Key to high performance bonded joining technology is the adhesive interface between dissimilar materials. With adhesive joints and hybrid materials such as fiber-metal-laminates, weight savings and superior mechanical properties (e.g. fatigue strength or stiffness) can be achieved. One major challenge for adhesive joining is the development of suitable adhesive interfaces between polymer matrix and (metal) surfaces that enable long-term stable, degradation resistant bonding. Ideally, these joints also exhibit high bond strengths capable of carrying high loads for structural applications. To a certain degree, the strength requirement of the joints can be tackled by specific design (e.g. dimensioning, tapering, load-adapted design). However, degradation resistance towards humidity or corrosive media such as aqueous salt solutions is much harder to address by design measures (e.g. non-permeable paints on bond edges). Both strength and long-term stability can very efficiently be realized by means of a laser surface pre-treatment. For Ti15-3/PEEK and Ti15-3/Epicote 600 joints, excellent shear strengths and long-term stabilities were found after pre-treating the metal with a pulsed Nd:YAG laser as evidenced in single-lap shear tests after accelerated aging.
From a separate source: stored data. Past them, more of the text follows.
lemma shiftR_sseq:
  assumes "0 < qq q l k"
  shows "shiftR p (sseq q l k) n =
    of_bool (n \<in> (\<lambda>j. j * qq q l k + p) ` {1..LL q l k})
    - of_bool (n \<in> (\<lambda>j. j * qq q l k + p) ` {LL q l k<..2 * LL q l k})"
proof (cases "n \<le> p")
  case True
  then show ?thesis using assms by (auto simp: shiftR_def)
next
  case False
  then obtain m where "n = m + p" "0 < m" by (metis add.commute less_imp_add_positive not_le)
  then show ?thesis using assms by (auto simp: shiftR_def sseq_def)
qed

lemma sum_shiftR_sseq_block:
  assumes "0 < qq q l k" "p \<le> qq q l k" "3 * qq q l k < qq q l (k+1)"
  shows "(\<Sum>n\<in>{qq q l k..<qq q l (k+1)}. shiftR p (sseq q l k) n) = 0"
proof -
  let ?Q = "qq q l k" and ?Q' = "qq q l (k+1)" and ?L = "LL q l k"
  let ?pos = "\<lambda>J. (\<lambda>j. j * ?Q + p) ` J"
  have all: "?pos {1..2 * ?L} \<subseteq> {?Q..<?Q'}"
  proof
    fix n assume "n \<in> ?pos {1..2 * ?L}"
    then obtain j where j: "1 \<le> j" "j \<le> 2 * ?L" "n = j * ?Q + p" by auto
    have jQ: "j * ?Q \<le> 2 * ?L * ?Q" using j(2) by (rule mult_le_mono1)
    have "j * ?Q + p < ?Q'"
    proof (cases "?L \<le> 1")
      case True
      then have "j * ?Q \<le> 2 * ?Q" using jQ by (metis mult_le_mono1 mult_le_mono2 nat_mult_1_right order_trans)
      then show ?thesis using assms(2,3) by linarith
    next
      case False
      then have "?Q < ?L * ?Q" using assms(1) by simp
      moreover have "j * ?Q \<le> 2 * (?L * ?Q)" using jQ by (simp only: mult.assoc)
      ultimately have "j * ?Q + p < 3 * (?L * ?Q)" using assms(2) by linarith
      then show ?thesis using LL_bound[OF assms(1)] by (simp add: ac_simps)
    qed
    moreover have "?Q \<le> j * ?Q" using j(1) by simp
    ultimately show "n \<in> {?Q..<?Q'}" unfolding j(3) atLeastLessThan_iff by linarith
  qed
  have sub: "?pos {1..?L} \<subseteq> {?Q..<?Q'}" "?pos {?L<..2*?L} \<subseteq> {?Q..<?Q'}"
    by (rule subset_trans[OF image_mono all], fastforce)+
  have inj: "inj_on (\<lambda>j. j * ?Q + p) J" for J using assms(1) by (auto simp: inj_on_def)
  have "(\<Sum>n\<in>{?Q..<?Q'}. shiftR p (sseq q l k) n) = int (card (?pos {1..?L})) - int (card (?pos {?L<..2*?L}))"
    using sub by (simp add: shiftR_sseq[OF assms(1)] sum_subtractf Int_absorb1 flip: Int_def)
  also have "\<dots> = 0" using inj by (simp add: card_image)
  finally show ?thesis .
qed

definition partial_sum :: "(nat \<Rightarrow> int) \<Rightarrow> nat \<Rightarrow> int" where
  "partial_sum y n = (\<Sum>i=1..n. y i)"

lemma partial_sum_Suc [simp]: "partial_sum y (Suc n) = partial_sum y n + y (Suc n)"
  by (simp add: partial_sum_def)

lemma funpow_TT: "(TT ^^ n) x = (\<lambda>m. fst x (m+n), \<lambda>m. snd x (m + partial_sum (fst x) n))"
  by (induction n) (simp_all add: TT_def partial_sum_def add_ac)

lemma gg_funpow_TT: "gg ((TT ^^ n) x) = snd x (partial_sum (fst x) n)"
  by (simp add: gg_def funpow_TT)

lemma shiftR_sseq_initial:
  assumes "0 < qq q l k" "n \<le> qq q l k * LL q l k"
  shows "shiftR r (sseq q l k) n = of_bool (r < n \<and> qq q l k dvd n - r)"
proof -
  let ?Q = "qq q l k" and ?L = "LL q l k"
  have bound: "n - r \<le> ?L * ?Q" using assms(2) by (simp add: mult.commute)
  have "(\<exists>j. 1 \<le> j \<and> j \<le> ?L \<and> n - r = j * ?Q) \<longleftrightarrow> r < n \<and> ?Q dvd n - r"
  proof
    assume "\<exists>j. 1 \<le> j \<and> j \<le> ?L \<and> n - r = j * ?Q"
    then obtain j where j: "1 \<le> j" "n - r = j * ?Q" by blast
    have "0 < n - r" unfolding j(2) using j(1) assms(1) by simp
    then have "r < n" by simp
    with j(2) show "r < n \<and> ?Q dvd n - r" by simp
  next
    assume h: "r < n \<and> ?Q dvd n - r"
    then obtain j where j: "n - r = j * ?Q" by (metis dvdE mult.commute)
    have "0 < j * ?Q" using h j by linarith
    moreover have "j * ?Q \<le> ?L * ?Q" using bound j by simp
    ultimately show "\<exists>j. 1 \<le> j \<and> j \<le> ?L \<and> n - r = j * ?Q" using j by auto
  qed
  moreover have "\<not> (\<exists>j. ?L < j \<and> n - r = j * ?Q)"
    using bound assms(1) by (auto dest: mult_le_cancel2[THEN iffD1, rotated])
  ultimately show ?thesis by (auto simp: shiftR_def sseq_def)
qed

lemma partial_sum_eq_div:
  assumes "0 < Q" and "partial_sum y (Q - 1) = 0"
    and "\<And>i. Q \<le> i \<Longrightarrow> i \<le> N \<Longrightarrow> y i = of_bool (r < i \<and> Q dvd i - r)"
    and "Q - 1 \<le> n" "n \<le> N"
  shows "partial_sum y n = int ((n - r) div Q)"
  using assms(4,5)
proof (induction n rule: dec_induct)
  case base
  then show ?case using assms(1,2) by simp
next
  case (step n)
  then have "y (Suc n) = of_bool (r < Suc n \<and> Q dvd Suc n - r)" using assms(1,3) by simp
  moreover have "(Suc n - r) div Q = (n - r) div Q + of_bool (r < Suc n \<and> Q dvd Suc n - r)"
    by (cases "Suc n \<le> r") (auto simp: Suc_diff_le div_Suc dvd_eq_mod_eq_0)
  ultimately show ?case using step by simp
qed

lemma sum_interval_grouped:
  fixes g :: "nat \<Rightarrow> 'a::comm_monoid_add"
  assumes "0 < Q"
  shows "(\<Sum>b=r..Q-1+r. \<Sum>j=1..M. g (Q*j+b)) = (\<Sum>n=Q+r..Q*M+Q-1+r. g n)"
proof -
  have ivl: "{m..Q-1+m} = {m..<Q+m}" for m using assms by auto
  have shift: "(\<Sum>i\<in>{k..<n+k}. h i) = (\<Sum>i<n. h (i+k))" for h :: "nat \<Rightarrow> 'a" and k n
    using sum.shift_bounds_nat_ivl[of h 0 k n] by (simp add: lessThan_atLeast0)
  have "(\<Sum>b=r..Q-1+r. \<Sum>j=1..M. g (Q*j+b)) = (\<Sum>m<M. \<Sum>b\<in>{r..<Q+r}. g (Q*Suc m+b))"
    unfolding ivl by (subst sum.swap) (simp add: sum.atLeast1_atMost_eq)
  also have "\<dots> = (\<Sum>m<M. \<Sum>i\<in>{m*Q..<m*Q+Q}. g (i+Q+r))"
    by (simp only: shift add.commute[of "m*Q" Q for m]) (simp add: algebra_simps)
  also have "\<dots> = (\<Sum>i<M*Q. g (i+Q+r))" by (rule sum.nat_group)
  also have "\<dots> = (\<Sum>n=Q+r..Q*M+Q-1+r. g n)"
  proof -
    have "{Q+r..Q*M+Q-1+r} = {Q+r..<M*Q+(Q+r)}" using assms by (auto simp: mult.commute)
    then show ?thesis by (simp only: shift add.assoc)
  qed
  finally show ?thesis .
qed

lemma Aavg_eq_interval_sum:
  assumes "0 < Q"
  shows "Aavg \<gamma> a Q M r c =
    (\<Sum>n=Q+r..Q*M+Q-1+r. \<gamma> (Q * ((n - r) div Q) + c) * a n) / (real Q * real M)"
proof -
  define F where "F n = \<gamma> (Q * ((n - r) div Q) + c) * a n" for n
  have "(Q*j+b - r) div Q = j" if "b \<in> {r..Q-1+r}" for j b
  proof -
    have "Q*j+b - r = (b - r) + Q*j" "b - r < Q" using that assms by auto
    then show ?thesis using assms by simp
  qed
  then have "(\<Sum>b=r..Q-1+r. \<Sum>j=1..M. \<gamma> (Q*j+c) * a (Q*j+b)) = (\<Sum>b=r..Q-1+r. \<Sum>j=1..M. F (Q*j+b))"
    by (intro sum.cong refl) (simp add: F_def)
  also have "\<dots> = (\<Sum>n=Q+r..Q*M+Q-1+r. F n)" by (rule sum_interval_grouped[OF assms])
  finally show ?thesis by (simp add: Aavg_def F_def)
qed

lemma abs_sum_diff_le_card:
  fixes f g :: "'a \<Rightarrow> real"
  assumes "finite A" "finite B" "I \<subseteq> A" "I \<subseteq> B" "\<And>n. n \<in> I \<Longrightarrow> f n = g n"
    and "\<And>n. n \<in> A \<Longrightarrow> \<bar>f n\<bar> \<le> 1" "\<And>n. n \<in> B \<Longrightarrow> \<bar>g n\<bar> \<le> 1"
  shows "\<bar>sum f A - sum g B\<bar> \<le> card (A - I) + card (B - I)"
proof -
  have "sum f A - sum g B = sum f (A - I) - sum g (B - I)"
    using assms(1-5) sum.subset_diff[of I A f] sum.subset_diff[of I B g] by simp
  also have "\<bar>\<dots>\<bar> \<le> (\<Sum>n\<in>A - I. \<bar>f n\<bar>) + (\<Sum>n\<in>B - I. \<bar>g n\<bar>)"
    using abs_triangle_ineq4[of "sum f (A - I)" "sum g (B - I)"] sum_abs[of f "A - I"] sum_abs[of g "B - I"]
    by linarith
  also have "\<dots> \<le> real (card (A - I)) + real (card (B - I))"
    using assms(6,7) by (intro add_mono sum_bounded_above[where K=1, simplified]) auto
  finally show ?thesis by simp
qed

locale fast_growing =
  fixes q :: "nat \<Rightarrow> nat"
  assumes q_1: "2 \<le> q 1"
    and q_growth: "j \<ge> 1 \<Longrightarrow> q j ^ 4 + 3 * q j < q (j+1)"
begin

lemma q_ge_2: "j \<ge> 1 \<Longrightarrow> 2 \<le> q j"
proof (induction j rule: dec_induct)
  case base
  show ?case by (rule q_1)
next
  case (step j)
  then show ?case using q_growth[of j] by simp
qed

lemma qq_pos: "k \<ge> 1 \<Longrightarrow> 0 < qq q l k"
  using q_ge_2[of "2*k"] q_ge_2[of "2*k+1"] by (auto simp: qq_def)

lemma qq_gap:
  assumes "k \<ge> 1"
  shows "3 * qq q l k < qq q l (k+1)"
proof -
  have step: "3 * q j < q (j+1)" if "j \<ge> 1" for j using q_growth[OF that] by simp
  have gap2: "3 * q j + 3 < q (j+2)" if "j \<ge> 1" for j
  proof -
    have "q j < q (j+1)" using step[OF that] q_ge_2[OF that] by linarith
    then show ?thesis using step[of "j+1"] by simp
  qed
  have "3 * q (2*k) + 3 < q (2*k+2)" "3 * q (2*k+1) + 3 < q (2*k+1+2)"
    using gap2[of "2*k"] gap2[of "2*k+1"] assms by simp_all
  then show ?thesis by (auto simp: qq_def numeral_eq_Suc)
qed

lemma partial_sum_PP_zero:
  assumes "y \<in> PP q l" "k \<ge> 1"
  shows "partial_sum y (qq q l k - 1) = 0"
  using assms(2)
proof (induction k rule: dec_induct)
  case base
  have "y i = 0" if "i \<in> {1..qq q l 1 - 1}" for i
    using that assms(1) qq_pos[of 1] by (auto simp: PP_def)
  then show ?case by (simp add: partial_sum_def)
next
  case (step k)
  let ?Q = "qq q l k" and ?Q' = "qq q l (k+1)"
  have Q: "0 < ?Q" "3 * ?Q < ?Q'" using qq_pos qq_gap step(1) by auto
  obtain p where p: "p \<le> ?Q"
    "restr y ?Q (?Q' - 1) = restr (shiftR p (sseq q l k)) ?Q (?Q' - 1)"
    using assms(1) step(1) by (auto simp: PP_def RR_def)
  have "Suc (?Q' - 1) = ?Q'" using Q by simp
  then have block: "y i = shiftR p (sseq q l k) i" if "i \<in> {?Q..<?Q'}" for i
    using p(2) that by (simp add: restr_def map_eq_conv)
  have "{1..?Q' - 1} = {1..?Q - 1} \<union> {?Q..<?Q'}" "{1..?Q - 1} \<inter> {?Q..<?Q'} = {}"
    using Q by auto
  then have "partial_sum y (?Q' - 1) = partial_sum y (?Q - 1) + (\<Sum>i\<in>{?Q..<?Q'}. y i)"
    unfolding partial_sum_def by (simp add: sum.union_disjoint)
  also have "(\<Sum>i\<in>{?Q..<?Q'}. y i) = 0"
    using block sum_shiftR_sseq_block[OF Q(1) p(1) Q(2)] by simp
  finally show ?case using step(3) by simp
qed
Investigation of the laser-treated surfaces revealed a micrometer-level structure covered by a nanoporous oxide. The laser pre-treatment leads to higher long-term stability than e.g. grit blasting, although initially the bond strengths are comparable. Our current research focuses on bonding mechanisms and their importance for degradation resistance. Through further experiments modifying the structures at both scales, we show that the aging resistance is due to the nanoporous oxide. Removal of the nanostructure also eliminates the degradation resistance. Conversely, enhancing the micron-level structuring by creating trenches and undercuts does not yield increased bond strengths or degradation resistance. Combining measured shear strengths with joint and fracture surface analysis allows for a deeper understanding of the role of nano-structuring for bond strength, long-term stability and failure mechanisms.